在這一瞬間,我站起身,一拳就打在了旁邊那個小子的喉嚨上,他呻吟了一聲,反手躲過他的槍,對準了他的腦袋。砰的一聲,鮮血飛濺,隱約有血炙熱在了我的臉上:「啊……」我咆哮了一聲,宛如孤狼在森林裡發出了嚎叫。
洛雪獃獃的看著我,她臉上滿是不敢置信。
「是你。」王明澤驚呼了起來:「你的氣勢和那天那個人是一樣的,寧昊原來你就是那個人。」
「是不是又怎麼樣?」我側頭看向他冷然的說道:「你們今天還活的了嗎?」
王明澤似乎是想起了那天的時候,他的眼神掠過了一絲驚恐。
「就剩下你們三了。」我冷冷的說道。邁步向前走了過去,面前的一個小子,剛要扣動扳機,我一把握住了他的胳膊,用力一扭:「啊……」從他的嘴裡發出了撕心裂肺的叫喊,一槍打在了胸口,我給他推到了一旁,緊接著我的身邊瞬間向著旁邊一動,身體微微躍起,手肘用力,直接就頂在了他的太陽穴上,一下子就給他幹了過去。
拿著槍在手裡轉了兩圈,我好整以暇的笑了笑:「就剩下你了。」我看著王明澤說道,雖然他拿著槍指著我,但是他的手卻在微微的顫抖著。眼中時不時的掠過一絲驚恐,嘴裡不停的咽著口水。
「你……你……怎麼可能會是你。」王明澤難以置信的說道。他們可以懷疑到所有的人的身上,但唯獨想不到我的身上。畢竟我根本都入不了他們的法眼,不過我想強子似乎已經有了一些察覺了。
他眼中狠厲一閃而過,爆喝了一聲:「你去死。」在一瞬間他扣響了扳機,剛剛他眼中那一絲的痕迹,被我輕而易舉的察覺了,所有我的身體直接就動了,一腳踢在了他的手腕上,他手裡的槍直接飛了起來。
王明澤似乎是破釜沉舟一樣,一拳打在了我的胸口。我向後退了一步,毫不在意的伸手打掃了一下胸口沾染的灰塵。
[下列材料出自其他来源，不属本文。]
(* With notation as below, fix $k\in[N]$ and let $\tau^{(b_k\leftrightarrow c_k)}$ and $\tau^{\mathrm{adj}}$ be as defined below. Then for all $\mathbf s\in\mathbb Z^n$ and all distinct $i,j\in\{1,\dots,n\}$ (whenever the denominators are nonzero), $$(\alpha_i-\alpha_j)\frac{\tau^{(b_k\leftrightarrow c_k)}(\mathbf s)\,\tau^{(b_k\leftrightarrow c_k)}(\mathbf s+e_i+e_j)}{\tau^{(b_k\leftrightarrow c_k)}(\mathbf s+e_i)\,\tau^{(b_k\leftrightarrow c_k)}(\mathbf s+e_j)}=(\alpha_i-\alpha_j)\frac{\tau^{\mathrm{adj}}(\mathbf s)\,\tau^{\mathrm{adj}}(\mathbf s+e_i+e_j)}{\tau^{\mathrm{adj}}(\mathbf s+e_i)\,\tau^{\mathrm{adj}}(\mathbf s+e_j)};$$ that is, the $N$-soliton solution (vertex parameters) obtained by swapping $b_k$ and $c_k$ coincides with the one obtained by keeping $b_k,c_k$ and replacing $A_j\mapsto A_j/Z_{k,j}$ ($j\neq k$), $A_k\mapsto 1/A_k$.
   Context: Let $\alpha_1,\dots,\alpha_n\in\mathbb R$, $f(t)=\prod_{j}(t-\alpha_j)$, $N\ge1$, and for $i\in[N]=\{1,\dots,N\}$ let $A_i\neq0$, $b_i,c_i\in\mathbb R\setminus\{\alpha_1,\dots,\alpha_n\}$ with $f(b_i)=f(c_i)$, with $b_i\neq c_j$, $b_i\ne b_j$, $c_i\neq c_j$ for $i\neq j$. $e_1,\dots,e_n$ is the standard basis of $\mathbb Z^n$. Put $B_{i,j}=\frac{b_i-\alpha_j}{c_i-\alpha_j}$, $Z_{i,j}=\frac{(b_i-b_j)(c_i-c_j)}{(b_i-c_j)(c_i-b_j)}$, $f_i(\mathbf s)=A_i\prod_jB_{i,j}^{\mathbf s_j}$, $\tau(\mathbf s)=\sum_{T\subseteq[N]}\prod_{\{i<j\}\subseteq T}Z_{i,j}\prod_{i\in T}f_i(\mathbf s)$. $\tau^{(b_k\leftrightarrow c_k)}$ is $\tau$ computed after interchanging the values of $b_k$ and $c_k$; $\tau^{\mathrm{adj}}$ is $\tau$ computed with $A_j$ replaced by $A_j/Z_{k,j}$ for $j\ne k$ and $A_k$ replaced by $1/A_k$. *)

theory Defs
  imports Complex_Main
begin

text \<open>Indices: alpha, s are indexed by 1..n; A, b, c by 1..N.
  A point s of Z^n is a function nat => int (only values on 1..n matter).\<close>

definition Bmat :: "(nat \<Rightarrow> real) \<Rightarrow> (nat \<Rightarrow> real) \<Rightarrow> (nat \<Rightarrow> real) \<Rightarrow> nat \<Rightarrow> nat \<Rightarrow> real" where
  "Bmat alpha b c i j = (b i - alpha j) / (c i - alpha j)"

definition Zmat :: "(nat \<Rightarrow> real) \<Rightarrow> (nat \<Rightarrow> real) \<Rightarrow> nat \<Rightarrow> nat \<Rightarrow> real" where
  "Zmat b c i j = ((b i - b j) * (c i - c j)) / ((b i - c j) * (c i - b j))"

definition fsol :: "nat \<Rightarrow> (nat \<Rightarrow> real) \<Rightarrow> (nat \<Rightarrow> real) \<Rightarrow> (nat \<Rightarrow> real) \<Rightarrow> (nat \<Rightarrow> real)
    \<Rightarrow> nat \<Rightarrow> (nat \<Rightarrow> int) \<Rightarrow> real" where
  "fsol n alpha A b c i s = A i * (\<Prod>j\<in>{1..n}. Bmat alpha b c i j powi s j)"

definition tau :: "nat \<Rightarrow> nat \<Rightarrow> (nat \<Rightarrow> real) \<Rightarrow> (nat \<Rightarrow> real) \<Rightarrow> (nat \<Rightarrow> real) \<Rightarrow> (nat \<Rightarrow> real)
    \<Rightarrow> (nat \<Rightarrow> int) \<Rightarrow> real" where
  "tau n N alpha A b c s =
     (\<Sum>T\<in>Pow {1..N}. (\<Prod>(i,j)\<in>{(i,j). i \<in> T \<and> j \<in> T \<and> i < j}. Zmat b c i j)
                       * (\<Prod>i\<in>T. fsol n alpha A b c i s))"

definition shift :: "(nat \<Rightarrow> int) \<Rightarrow> nat \<Rightarrow> (nat \<Rightarrow> int)" where
  "shift s i = s(i := s i + 1)"

definition polyf :: "nat \<Rightarrow> (nat \<Rightarrow> real) \<Rightarrow> real \<Rightarrow> real" where
  "polyf n alpha t = (\<Prod>j\<in>{1..n}. t - alpha j)"

end

theory Submission imports Defs begin

text \<open>Splitting the subsets of [N] by whether they contain k gives
  \<open>\<tau> = \<tau>\<^sub>0 + f_k \<tau>\<^sub>1\<close>, where \<open>\<tau>\<^sub>0\<close> and \<open>\<tau>\<^sub>1\<close> are sums over the subsets of [N] - {k}
  and \<open>\<tau>\<^sub>1\<close> carries the amplitudes \<open>Z_{k,m} f_m\<close>. Swapping b_k and c_k inverts every
  \<open>Z_{k,m}\<close> and turns f_k into \<open>A_k / g(s)\<close>, where \<open>g(s) = \<Prod>_j B_{k,j}^{s_j}\<close>; the adjoint
  amplitudes divide each f_m by \<open>Z_{k,m}\<close> and turn f_k into \<open>g(s) / A_k\<close>. Hence the two
  splittings exchange the roles of \<open>\<tau>\<^sub>0\<close> and \<open>\<tau>\<^sub>1\<close>, and
  \<open>g(s) \<tau>_swap(s) = A_k \<tau>_adj(s)\<close>. As \<open>g(s + e_l) = B_{k,l} g(s)\<close>, this gauge factor
  cancels from \<open>\<tau>(s) \<tau>(s+e_i+e_j) / (\<tau>(s+e_i) \<tau>(s+e_j))\<close>. With the convention x / 0 = 0 neither
  the constraint f(b_m) = f(c_m) nor the nonvanishing of the denominators is needed.\<close>

abbreviation ordered_pairs :: "'a::linorder set \<Rightarrow> ('a \<times> 'a) set" where
  "ordered_pairs T \<equiv> {(i, j). i \<in> T \<and> j \<in> T \<and> i < j}"

definition tau_sum :: "('a::linorder \<Rightarrow> 'a \<Rightarrow> 'b::comm_semiring_1) \<Rightarrow> ('a \<Rightarrow> 'b) \<Rightarrow> 'a set \<Rightarrow> 'b" where
  "tau_sum Z f S = (\<Sum>T\<in>Pow S. (\<Prod>(i, j)\<in>ordered_pairs T. Z i j) * (\<Prod>i\<in>T. f i))"

lemma tau_eq_tau_sum:
  "tau n N alpha A b c s = tau_sum (Zmat b c) (\<lambda>i. fsol n alpha A b c i s) {1..N}"
  unfolding tau_def tau_sum_def ..

lemma ordered_pairs_insert:
  fixes T :: "'a::linorder set"
  assumes "k \<notin> T"
  shows "ordered_pairs (insert k T) = ordered_pairs T \<union> (\<lambda>m. (min k m, max k m)) ` T"
proof (intro set_eqI iffI)
  fix x assume "x \<in> ordered_pairs (insert k T)"
  then obtain i j where x: "x = (i, j)" "i \<in> insert k T" "j \<in> insert k T" "i < j"
    by blast
  then consider "i = k" "j \<in> T" | "j = k" "i \<in> T" | "i \<in> T" "j \<in> T"
    by blast
  then show "x \<in> ordered_pairs T \<union> (\<lambda>m. (min k m, max k m)) ` T"
  proof cases
    case 1
    then have "x = (min k j, max k j)"
      using x by simp
    with \<open>j \<in> T\<close> show ?thesis by blast
  next
    case 2
    then have "x = (min k i, max k i)"
      using x by simp
    with \<open>i \<in> T\<close> show ?thesis by blast
  next
    case 3
    with x show ?thesis by blast
  qed
next
  fix x assume "x \<in> ordered_pairs T \<union> (\<lambda>m. (min k m, max k m)) ` T"
  then show "x \<in> ordered_pairs (insert k T)"
  proof (elim UnE imageE)
    fix m assume m: "m \<in> T" "x = (min k m, max k m)"
    with assms consider "m < k" | "k < m"
      using neq_iff by blast
    then show ?thesis
      by cases (use m in \<open>simp_all add: min_absorb1 min_absorb2 max_absorb1 max_absorb2\<close>)
  qed blast
qed

lemma prod_ordered_pairs_insert:
  fixes Z :: "'a::linorder \<Rightarrow> 'a \<Rightarrow> 'b::comm_monoid_mult"
  assumes fin: "finite T" and kT: "k \<notin> T" and sym: "\<And>m. m \<in> T \<Longrightarrow> Z m k = Z k m"
  shows "(\<Prod>(i, j)\<in>ordered_pairs (insert k T). Z i j)
       = (\<Prod>(i, j)\<in>ordered_pairs T. Z i j) * (\<Prod>m\<in>T. Z k m)"
proof -
  let ?h = "\<lambda>m. (min k m, max k m)"
  have fin_pairs: "finite (ordered_pairs T)"
    by (rule finite_subset[of _ "T \<times> T"]) (auto simp: fin)
  have disj: "ordered_pairs T \<inter> ?h ` T = {}"
    using kT by (auto simp: min_def max_def split: if_splits)
  have inj: "inj_on ?h T"
    using kT by (auto simp: inj_on_def min_def max_def split: if_splits)
  have "(\<Prod>(i, j)\<in>?h ` T. Z i j) = (\<Prod>m\<in>T. Z k m)"
    using sym by (subst prod.reindex[OF inj]) (auto intro!: prod.cong simp: min_def max_def)
  then show ?thesis
    unfolding ordered_pairs_insert[OF kT] using fin fin_pairs disj by (simp add: prod.union_disjoint)
qed

lemma tau_sum_insert:
  assumes fin: "finite S" and kS: "k \<notin> S" and sym: "\<And>m. m \<in> S \<Longrightarrow> Z m k = Z k m"
  shows "tau_sum Z f (insert k S) = tau_sum Z f S + f k * tau_sum Z (\<lambda>m. Z k m * f m) S"
proof -
  have inj: "inj_on (insert k) (Pow S)"
    using kS by (auto simp: inj_on_def)
  have with_k: "(\<Prod>(i, j)\<in>ordered_pairs (insert k T). Z i j) * (\<Prod>i\<in>insert k T. f i)
      = f k * ((\<Prod>(i, j)\<in>ordered_pairs T. Z i j) * (\<Prod>m\<in>T. Z k m * f m))"
    if "T \<in> Pow S" for T
  proof -
    from that have T: "finite T" "k \<notin> T"
      using fin kS finite_subset by auto
    have "(\<Prod>(i, j)\<in>ordered_pairs (insert k T). Z i j)
        = (\<Prod>(i, j)\<in>ordered_pairs T. Z i j) * (\<Prod>m\<in>T. Z k m)"
      by (rule prod_ordered_pairs_insert) (use T sym that in auto)
    then show ?thesis
      using T by (simp add: prod.distrib mult_ac)
  qed
  have "tau_sum Z f (insert k S)
      = tau_sum Z f S + (\<Sum>T\<in>insert k ` Pow S. (\<Prod>(i, j)\<in>ordered_pairs T. Z i j) * (\<Prod>i\<in>T. f i))"
    unfolding tau_sum_def Pow_insert using fin kS by (subst sum.union_disjoint) auto
  also have "(\<Sum>T\<in>insert k ` Pow S. (\<Prod>(i, j)\<in>ordered_pairs T. Z i j) * (\<Prod>i\<in>T. f i))
      = f k * tau_sum Z (\<lambda>m. Z k m * f m) S"
    unfolding tau_sum_def sum.reindex[OF inj] sum_distrib_left comp_def
    by (rule sum.cong[OF refl]) (rule with_k)
  finally show ?thesis .
qed

lemma tau_sum_cong:
  assumes "\<And>i j. i \<in> S \<Longrightarrow> j \<in> S \<Longrightarrow> Z i j = Z' i j" and "\<And>i. i \<in> S \<Longrightarrow> f i = f' i"
  shows "tau_sum Z f S = tau_sum Z' f' S"
  unfolding tau_sum_def using assms
  by (intro sum.cong refl arg_cong2[where f = "(*)"] prod.cong) auto

lemma Zmat_sym: "Zmat b c x y = Zmat b c y x"
  unfolding Zmat_def by (simp add: algebra_simps)

abbreviation adjoint_amplitudes ::
    "(nat \<Rightarrow> real) \<Rightarrow> (nat \<Rightarrow> real) \<Rightarrow> (nat \<Rightarrow> real) \<Rightarrow> nat \<Rightarrow> nat \<Rightarrow> real" where
  "adjoint_amplitudes A b c k \<equiv> \<lambda>m. if m = k then 1 / A k else A m / Zmat b c k m"

lemma tau_split_at:
  assumes "k \<in> {1..N}"
  shows "tau n N alpha A b c s
     = tau_sum (Zmat b c) (\<lambda>m. fsol n alpha A b c m s) ({1..N} - {k})
       + fsol n alpha A b c k s
         * tau_sum (Zmat b c) (\<lambda>m. Zmat b c k m * fsol n alpha A b c m s) ({1..N} - {k})"
  unfolding tau_eq_tau_sum using tau_sum_insert[of "{1..N} - {k}" k "Zmat b c"] assms
  by (simp add: Zmat_sym insert_absorb)

lemma Zmat_swap_other:
  "i \<noteq> k \<Longrightarrow> j \<noteq> k \<Longrightarrow> Zmat (b(k := c k)) (c(k := b k)) i j = Zmat b c i j"
  unfolding Zmat_def by simp

lemma Zmat_swap_at: "m \<noteq> k \<Longrightarrow> Zmat (b(k := c k)) (c(k := b k)) k m = 1 / Zmat b c k m"
  unfolding Zmat_def by (simp add: mult_ac)

lemma fsol_swap_other:
  "m \<noteq> k \<Longrightarrow> fsol n alpha A (b(k := c k)) (c(k := b k)) m s = fsol n alpha A b c m s"
  unfolding fsol_def Bmat_def by simp

lemma gauge_mult_fsol_swap_at:
  assumes "\<forall>l\<in>{1..n}. Bmat alpha b c k l \<noteq> 0"
  shows "(\<Prod>l\<in>{1..n}. Bmat alpha b c k l powi s l) * fsol n alpha A (b(k := c k)) (c(k := b k)) k s
       = A k"
proof -
  have "fsol n alpha A (b(k := c k)) (c(k := b k)) k s
      = A k * (\<Prod>l\<in>{1..n}. inverse (Bmat alpha b c k l powi s l))"
    unfolding fsol_def Bmat_def by (auto simp: power_int_inverse[symmetric] intro!: prod.cong)
  also have "\<dots> = A k / (\<Prod>l\<in>{1..n}. Bmat alpha b c k l powi s l)"
    unfolding prod_inversef[unfolded comp_def] by (simp add: divide_inverse)
  finally show ?thesis
    using assms by (simp add: prod_zero_iff)
qed

lemma tau_swap_split:
  assumes k: "k \<in> {1..N}"
  shows "tau n N alpha A (b(k := c k)) (c(k := b k)) s
     = tau_sum (Zmat b c) (\<lambda>m. fsol n alpha A b c m s) ({1..N} - {k})
       + fsol n alpha A (b(k := c k)) (c(k := b k)) k s
         * tau_sum (Zmat b c) (\<lambda>m. fsol n alpha A b c m s / Zmat b c k m) ({1..N} - {k})"
proof -
  let ?P = "{1..N} - {k}" and ?Z' = "Zmat (b(k := c k)) (c(k := b k))"
  let ?f' = "\<lambda>m. fsol n alpha A (b(k := c k)) (c(k := b k)) m s"
  have "tau_sum ?Z' ?f' ?P = tau_sum (Zmat b c) (\<lambda>m. fsol n alpha A b c m s) ?P"
    by (rule tau_sum_cong) (simp_all add: Zmat_swap_other fsol_swap_other)
  moreover have "tau_sum ?Z' (\<lambda>m. ?Z' k m * ?f' m) ?P
      = tau_sum (Zmat b c) (\<lambda>m. fsol n alpha A b c m s / Zmat b c k m) ?P"
    by (rule tau_sum_cong) (simp_all add: Zmat_swap_other Zmat_swap_at fsol_swap_other)
  ultimately show ?thesis
    unfolding tau_split_at[OF k] by (simp only:)
qed

lemma tau_adjoint_split:
  assumes k: "k \<in> {1..N}" and Z_nz: "\<forall>m\<in>{1..N} - {k}. Zmat b c k m \<noteq> 0"
  shows "tau n N alpha (adjoint_amplitudes A b c k) b c s
     = tau_sum (Zmat b c) (\<lambda>m. fsol n alpha A b c m s / Zmat b c k m) ({1..N} - {k})
       + (\<Prod>l\<in>{1..n}. Bmat alpha b c k l powi s l) / A k
         * tau_sum (Zmat b c) (\<lambda>m. fsol n alpha A b c m s) ({1..N} - {k})"
proof -
  let ?P = "{1..N} - {k}" and ?g = "\<lambda>m. fsol n alpha (adjoint_amplitudes A b c k) b c m s"
  have g_other: "?g m = fsol n alpha A b c m s / Zmat b c k m" if "m \<noteq> k" for m
    using that unfolding fsol_def by simp
  have "tau_sum (Zmat b c) ?g ?P = tau_sum (Zmat b c) (\<lambda>m. fsol n alpha A b c m s / Zmat b c k m) ?P"
    by (rule tau_sum_cong) (simp_all add: g_other)
  moreover have "tau_sum (Zmat b c) (\<lambda>m. Zmat b c k m * ?g m) ?P
      = tau_sum (Zmat b c) (\<lambda>m. fsol n alpha A b c m s) ?P"
    by (rule tau_sum_cong) (simp_all add: g_other Z_nz)
  moreover have "?g k = (\<Prod>l\<in>{1..n}. Bmat alpha b c k l powi s l) / A k"
    unfolding fsol_def by simp
  ultimately show ?thesis
    unfolding tau_split_at[OF k] by (simp only:)
qed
「硬氣功。」王明澤一字一頓的說道,看著我的眼睛如同見了鬼一樣。
他是部隊出來了,當然知道硬氣功了。事實上稍微精挑細選出來的一些特種戰士,都會連一下硬氣功,但是所謂的硬氣功,不過就是提高些抗擊打能力而已。打死他也想不到有人竟然能將硬氣功練到我這種地步。王明澤有著絕對的自信,不說一拳能打碎石頭,但是將一塊磚頭平放在地,將其打碎,還是輕而易舉能夠辦到的。只是他卻沒有想到這一拳竟然連我的硬氣功都破不了。
「你到底是什麼人?」王明澤看著我沉聲說道。
「沒必要告訴你。」我淡淡的說道,一腳奔著他掃了過去。王明澤急忙向著後面一躲,腳用力在地上一瞪,扭動著肩膀直接就撞在了他的胸口上。王明澤向後哏嗆了兩步,腳下一滑跌倒在了地上,他捂著胸口努力的抬起頭來,看著我:「寧昊,你到底是誰?告訴我,你到底是誰?」他急忙的問道;「你是不是也是部隊的?還是說,你在暗中執行什麼任務。」他嘴唇觸動,突然說了一些,我聽不懂很是奇怪的話。
瞬間我呆愣愣的看著他,愕然不止的說道:「你是軍區的人?」難道他是上面派下來執行什麼任務的不成,可是他潛伏到閻羅身邊到底是為了什麼?
「你說呢。」王明澤模稜兩可的說道。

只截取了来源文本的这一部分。